Since the ordinal data contains small integers, the _root mean squared error_ (RMSE) is a good evaluation metric.

In [187]:
# Predict class based on maximum probability
red_ord_pred = red_res_prob.predict(red_test_df.loc[:, red_test_df.columns != 'quality']).idxmax(axis=1)
white_ord_pred = white_res_prob.predict(white_test_df.loc[:, white_test_df.columns != 'quality']).idxmax(axis=1)
# Calculate RMSE from correct labels
red_ord_rmse = ((red_ord_pred - red_test_df['quality'])**2).mean()**0.5
white_ord_rmse = ((white_ord_pred - white_test_df['quality'])**2).mean()**0.5
print("RMSE for red wine:", red_ord_rmse)
print("RMSE for white wine:", white_ord_rmse)

RMSE for red wine: 0.7194052124144799
RMSE for white wine: 0.806946584785929


### Linear Regression

As per usual, a linear regression model is evaluated using the RMSE.

In [188]:
# Perform predictions on test data
red_reg_pred = red_reg.predict(red_test_df.loc[:, red_test_df.columns != 'quality'])
white_reg_pred = white_reg.predict(white_test_df.loc[:, white_test_df.columns != 'quality'])
# Compute RMSE of predictions
red_reg_rmse = ((red_reg_pred - red_test_df['quality'])**2).mean()**0.5
white_reg_rmse = ((white_reg_pred - white_test_df['quality'])**2).mean()**0.5
print("RMSE for red wine:", red_reg_rmse)
print("RMSE for white wine:", white_reg_rmse)

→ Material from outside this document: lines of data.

(* For all $\varepsilon>0$ there exist $c,n_0\in\mathbb{N}$ such that for all primes $p\ge n_0$ the following holds. If $\delta\ge c/\log p$ (with $p^{\delta}$ an integer) and $r$ is a positive integer, then every proper $(r,p^{\delta})$-GAP $X\subseteq\mathbb{Z}_p$ is an $(r/p^{0.9\delta},\,0.1,\,\varepsilon)$-additive source of entropy rate $\delta r$ in $(\mathbb{Z}_p,+)$.
   Context: An $(r,s)$-GAP in $\mathbb{Z}_p$ is a set $\{b_0+\sum_{i=1}^r a_ib_i: a_i\in\mathbb{Z},\ 0\le a_i\le s-1\}$ with $b_0,\dots,b_r\in\mathbb{Z}_p$; proper means all $s^r$ sums are distinct. For $X\subseteq\mathbb{Z}_p$, $\mathrm{Sym}_{1-\alpha}(X)=\{g:|X\cap(X+g)|\ge(1-\alpha)|X|\}$, and $X$ is $(\alpha,\beta,\tau)$-additive if $|X+X|\le|X|^{1+\tau}$ and $|\mathrm{Sym}_{1-\alpha}(X)|\ge|X|^{\beta}$. Entropy rate $\delta'$ means $|X|\ge p^{\delta'}$. *)

theory Defs
  imports "HOL-Analysis.Analysis"
begin

text \<open>Z_p is modelled by the residues {0..<p} :: int set with addition mod p.\<close>

definition gap_map :: "int \<Rightarrow> int \<Rightarrow> (nat \<Rightarrow> int) \<Rightarrow> nat \<Rightarrow> (nat \<Rightarrow> nat) \<Rightarrow> int" where
  "gap_map p b0 b r a = (b0 + (\<Sum>i=1..r. int (a i) * b i)) mod p"

definition gap_coeffs :: "nat \<Rightarrow> nat \<Rightarrow> (nat \<Rightarrow> nat) set" where
  "gap_coeffs r s = PiE {1..r} (\<lambda>_. {0..<s})"

definition GAP :: "int \<Rightarrow> int \<Rightarrow> (nat \<Rightarrow> int) \<Rightarrow> nat \<Rightarrow> nat \<Rightarrow> int set" where
  "GAP p b0 b r s = gap_map p b0 b r ` gap_coeffs r s"

definition proper_GAP :: "int \<Rightarrow> int \<Rightarrow> (nat \<Rightarrow> int) \<Rightarrow> nat \<Rightarrow> nat \<Rightarrow> bool" where
  "proper_GAP p b0 b r s = inj_on (gap_map p b0 b r) (gap_coeffs r s)"

definition sumset_mod :: "int \<Rightarrow> int set \<Rightarrow> int set \<Rightarrow> int set" where
  "sumset_mod p X Y = {(x + y) mod p | x y. x \<in> X \<and> y \<in> Y}"

definition shift_mod :: "int \<Rightarrow> int set \<Rightarrow> int \<Rightarrow> int set" where
  "shift_mod p X g = (\<lambda>x. (x + g) mod p) ` X"

definition Sym :: "int \<Rightarrow> real \<Rightarrow> int set \<Rightarrow> int set" where
  "Sym p t X = {g \<in> {0..<p}. real (card (X \<inter> shift_mod p X g)) \<ge> t * real (card X)}"

definition additive :: "int \<Rightarrow> real \<Rightarrow> real \<Rightarrow> real \<Rightarrow> int set \<Rightarrow> bool" where
  "additive p \<alpha> \<beta> \<tau> X \<longleftrightarrow>
     real (card (sumset_mod p X X)) \<le> real (card X) powr (1 + \<tau>) \<and>
     real (card (Sym p (1 - \<alpha>) X)) \<ge> real (card X) powr \<beta>"

definition entropy_rate :: "int \<Rightarrow> real \<Rightarrow> int set \<Rightarrow> bool" where
  "entropy_rate p d X \<longleftrightarrow> real (card X) \<ge> real_of_int p powr d"

end

theory Submission imports Defs begin

text \<open>Let \<open>X\<close> be a proper \<open>(r,s)\<close>-GAP, so \<open>|X| = s\<^sup>r\<close>. Coefficient vectors with entries
  below \<open>s\<close> add up to entries below \<open>2s - 1\<close>, so \<open>X + X\<close> lies in an \<open>(r, 2s - 1)\<close>-GAP and
  \<open>|X + X| \<le> (2s)\<^sup>r \<le> |X|\<^sup>1\<^sup>+\<^sup>\<epsilon>\<close> as soon as \<open>s\<^sup>\<epsilon> \<ge> 2\<close>; for \<open>s = p\<^sup>\<delta>\<close> this follows from
  \<open>\<delta> log p \<ge> c \<ge> 1/\<epsilon>\<close> and \<open>e\<^sup>x \<ge> 1 + x\<close>.
  If \<open>g\<close> has coefficient vector \<open>t\<close>, then \<open>X \<inter> (X + g)\<close> contains the image of the box
  \<open>t\<^sub>i \<le> a\<^sub>i < s\<close> of coefficient vectors, and by the Weierstrass product inequality this box has at least
  \<open>s\<^sup>r (1 - \<Sum>t\<^sub>i / s) \<ge> s\<^sup>r (1 - r s\<^sup>0\<^sup>.\<^sup>1 / s)\<close> elements when all \<open>t\<^sub>i \<le> s\<^sup>0\<^sup>.\<^sup>1\<close>. These shifts form
  a proper GAP of at least \<open>(s\<^sup>0\<^sup>.\<^sup>1)\<^sup>r = |X|\<^sup>0\<^sup>.\<^sup>1\<close> elements inside \<open>Sym\<^sub>1\<^sub>-\<^sub>\<alpha>(X)\<close> for
  \<open>\<alpha> = r / s\<^sup>0\<^sup>.\<^sup>9\<close>.\<close>

lemma finite_gap_coeffs: "finite (gap_coeffs r s)"
  unfolding gap_coeffs_def by (simp add: finite_PiE)

lemma card_gap_coeffs: "card (gap_coeffs r s) = s ^ r"
  unfolding gap_coeffs_def by (simp add: card_PiE)

lemma gap_coeffs_mono: "k \<le> s \<Longrightarrow> gap_coeffs r k \<subseteq> gap_coeffs r s"
  unfolding gap_coeffs_def by (intro PiE_mono) auto

lemma finite_GAP: "finite (GAP p b0 b r s)"
  unfolding GAP_def by (simp add: finite_gap_coeffs)

lemma card_GAP: "proper_GAP p b0 b r s \<Longrightarrow> card (GAP p b0 b r s) = s ^ r"
  unfolding GAP_def proper_GAP_def by (simp add: card_image card_gap_coeffs)

lemma card_GAP_le: "card (GAP p b0 b r s) \<le> s ^ r"
  unfolding GAP_def by (metis card_gap_coeffs card_image_le finite_gap_coeffs)

lemma gap_map_cong: "(\<And>i. i \<in> {1..r} \<Longrightarrow> a i = a' i) \<Longrightarrow> gap_map p b0 b r a = gap_map p b0 b r a'"
  unfolding gap_map_def by (metis (no_types, lifting) sum.cong)

lemma gap_map_add:
  "gap_map p (b0 + b0') b r (\<lambda>i. a i + a' i) = (gap_map p b0 b r a + gap_map p b0' b r a') mod p"
  unfolding gap_map_def by (simp add: mod_add_eq sum.distrib algebra_simps)

lemma proper_GAP_change_base:
  assumes "proper_GAP p b0 b r s" "k \<le> s"
  shows "proper_GAP p b0' b r k"
  unfolding proper_GAP_def
proof (rule inj_onI)
  fix a a' assume a: "a \<in> gap_coeffs r k" "a' \<in> gap_coeffs r k"
    and eq: "gap_map p b0' b r a = gap_map p b0' b r a'"
  have "gap_map p b0 b r a = gap_map p b0 b r a'"
    using gap_map_add[of p "b0 - b0'" b0' b r "\<lambda>_. 0" a]
      gap_map_add[of p "b0 - b0'" b0' b r "\<lambda>_. 0" a'] by (simp add: eq)
  then show "a = a'"
    using assms a gap_coeffs_mono unfolding proper_GAP_def inj_on_def by blast
qed

lemma sumset_GAP_subset:
  "sumset_mod p (GAP p b0 b r s) (GAP p b0 b r s) \<subseteq> GAP p (2 * b0) b r (2 * s - 1)"
proof
  fix z assume "z \<in> sumset_mod p (GAP p b0 b r s) (GAP p b0 b r s)"
  then obtain a a' where a: "a \<in> gap_coeffs r s" "a' \<in> gap_coeffs r s"
    and z: "z = (gap_map p b0 b r a + gap_map p b0 b r a') mod p"
    unfolding sumset_mod_def GAP_def by auto
  define c where "c = restrict (\<lambda>i. a i + a' i) {1..r}"
  have "a i + a' i < 2 * s - 1" if "i \<in> {1..r}" for i
  proof -
    have "a i < s" "a' i < s"
      using a that unfolding gap_coeffs_def by auto
    then show ?thesis by linarith
  qed
  then have c: "c \<in> gap_coeffs r (2 * s - 1)"
    unfolding c_def gap_coeffs_def by (simp add: restrict_PiE_iff)
  have "z = gap_map p (b0 + b0) b r (\<lambda>i. a i + a' i)"
    unfolding z by (rule gap_map_add[symmetric])
  also have "\<dots> = gap_map p (2 * b0) b r c"
    unfolding c_def mult_2 by (intro gap_map_cong) simp
  finally show "z \<in> GAP p (2 * b0) b r (2 * s - 1)"
    using c unfolding GAP_def by blast
qed

lemma card_sumset_GAP_le:
  "card (sumset_mod p (GAP p b0 b r s) (GAP p b0 b r s)) \<le> (2 * s - 1) ^ r"
  using card_mono[OF finite_GAP sumset_GAP_subset] card_GAP_le by (rule le_trans)

lemma card_sumset_GAP_powr_le:
  assumes "proper_GAP p b0 b r s" "2 \<le> real s powr \<epsilon>"
  shows "real (card (sumset_mod p (GAP p b0 b r s) (GAP p b0 b r s)))
           \<le> real (card (GAP p b0 b r s)) powr (1 + \<epsilon>)"
proof -
  have s: "real s > 0"
    using assms(2) by (cases "s = 0") auto
  have "card (sumset_mod p (GAP p b0 b r s) (GAP p b0 b r s)) \<le> (2 * s) ^ r"
    using card_sumset_GAP_le[of p b0 b r s] power_mono[of "2 * s - 1" "2 * s" r] by linarith
  then have "real (card (sumset_mod p (GAP p b0 b r s) (GAP p b0 b r s))) \<le> (2 * real s) ^ r"
    by (metis of_nat_le_iff of_nat_mult of_nat_numeral of_nat_power)
  also have "\<dots> \<le> (real s powr \<epsilon> * real s) ^ r"
    using assms(2) s by (intro power_mono mult_right_mono) auto
  also have "\<dots> = (real s powr (1 + \<epsilon>)) ^ r"
    using s by (simp add: powr_add mult.commute)
  also have "\<dots> = (real s ^ r) powr (1 + \<epsilon>)"
    using s by (simp add: powr_power powr_realpow[symmetric] powr_powr mult.commute)
  finally show ?thesis
    using card_GAP[OF assms(1)] by simp
qed

lemma Weierstrass_prod_ineq_scaled:
  fixes y :: "'a \<Rightarrow> real"
  assumes "s > 0" "\<And>i. i \<in> I \<Longrightarrow> 0 \<le> y i \<and> y i \<le> s"
  shows "s ^ card I * (1 - sum y I / s) \<le> (\<Prod>i\<in>I. s - y i)"
proof (cases "finite I")
  case True
  have "1 - sum y I / s \<le> (\<Prod>i\<in>I. 1 - y i / s)"
    using Weierstrass_prod_ineq[of I "\<lambda>i. y i / s"] assms by (simp add: sum_divide_distrib)
  also have "s ^ card I * (\<Prod>i\<in>I. 1 - y i / s) = (\<Prod>i\<in>I. s * (1 - y i / s))"
    by (simp add: prod.distrib)
  also have "\<dots> = (\<Prod>i\<in>I. s - y i)"
    using \<open>s > 0\<close> by (simp add: algebra_simps)
  finally show ?thesis
    using \<open>s > 0\<close> by (simp add: mult_left_mono)
qed simp

lemma card_inter_shift_GAP_ge:
  assumes proper: "proper_GAP p b0 b r s" and t: "t \<in> gap_coeffs r s"
  shows "(\<Prod>i=1..r. s - t i) \<le> card (GAP p b0 b r s \<inter> shift_mod p (GAP p b0 b r s) (gap_map p 0 b r t))"
proof -
  let ?X = "GAP p b0 b r s"
  define A where "A = PiE {1..r} (\<lambda>i. {t i..<s})"
  have A: "A \<subseteq> gap_coeffs r s"
    unfolding A_def gap_coeffs_def by (intro PiE_mono) auto
  have "gap_map p b0 b r ` A \<subseteq> ?X \<inter> shift_mod p ?X (gap_map p 0 b r t)"
  proof
    fix z assume "z \<in> gap_map p b0 b r ` A"
    then obtain a where a: "a \<in> A" and z: "z = gap_map p b0 b r a" by blast
    define a' where "a' = restrict (\<lambda>i. a i - t i) {1..r}"
    have ai: "t i \<le> a i \<and> a i < s" if "i \<in> {1..r}" for i
      using a that unfolding A_def by auto
    then have a': "a' \<in> gap_coeffs r s"
      unfolding a'_def gap_coeffs_def by (auto simp: restrict_PiE_iff less_imp_diff_less)
    have "z = gap_map p b0 b r (\<lambda>i. a' i + t i)"
      using ai unfolding z a'_def by (intro gap_map_cong) auto
    then have "z = (gap_map p b0 b r a' + gap_map p 0 b r t) mod p"
      using gap_map_add[of p b0 0 b r a' t] by simp
    then show "z \<in> ?X \<inter> shift_mod p ?X (gap_map p 0 b r t)"
      using a A a' z unfolding shift_mod_def GAP_def by blast
  qed
  then have "card (gap_map p b0 b r ` A) \<le> card (?X \<inter> shift_mod p ?X (gap_map p 0 b r t))"
    by (intro card_mono) (auto simp: finite_GAP)
  moreover have "card (gap_map p b0 b r ` A) = (\<Prod>i=1..r. s - t i)"
    using proper A inj_on_subset unfolding proper_GAP_def A_def
    by (subst card_image) (auto simp: card_PiE)
  ultimately show ?thesis by simp
qed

RMSE for red wine: 0.6730945439280761
RMSE for white wine: 0.7493466349620683


## Results

On most runs, it seems that linear regression performs slightly better than ordinal regression, on ordinal data! The possible reasons for this are as follows.

1. The ordinal data corresponds to small integers.
2. The interval classes are spaced apart equally, and linear regression performs equally well in these cases.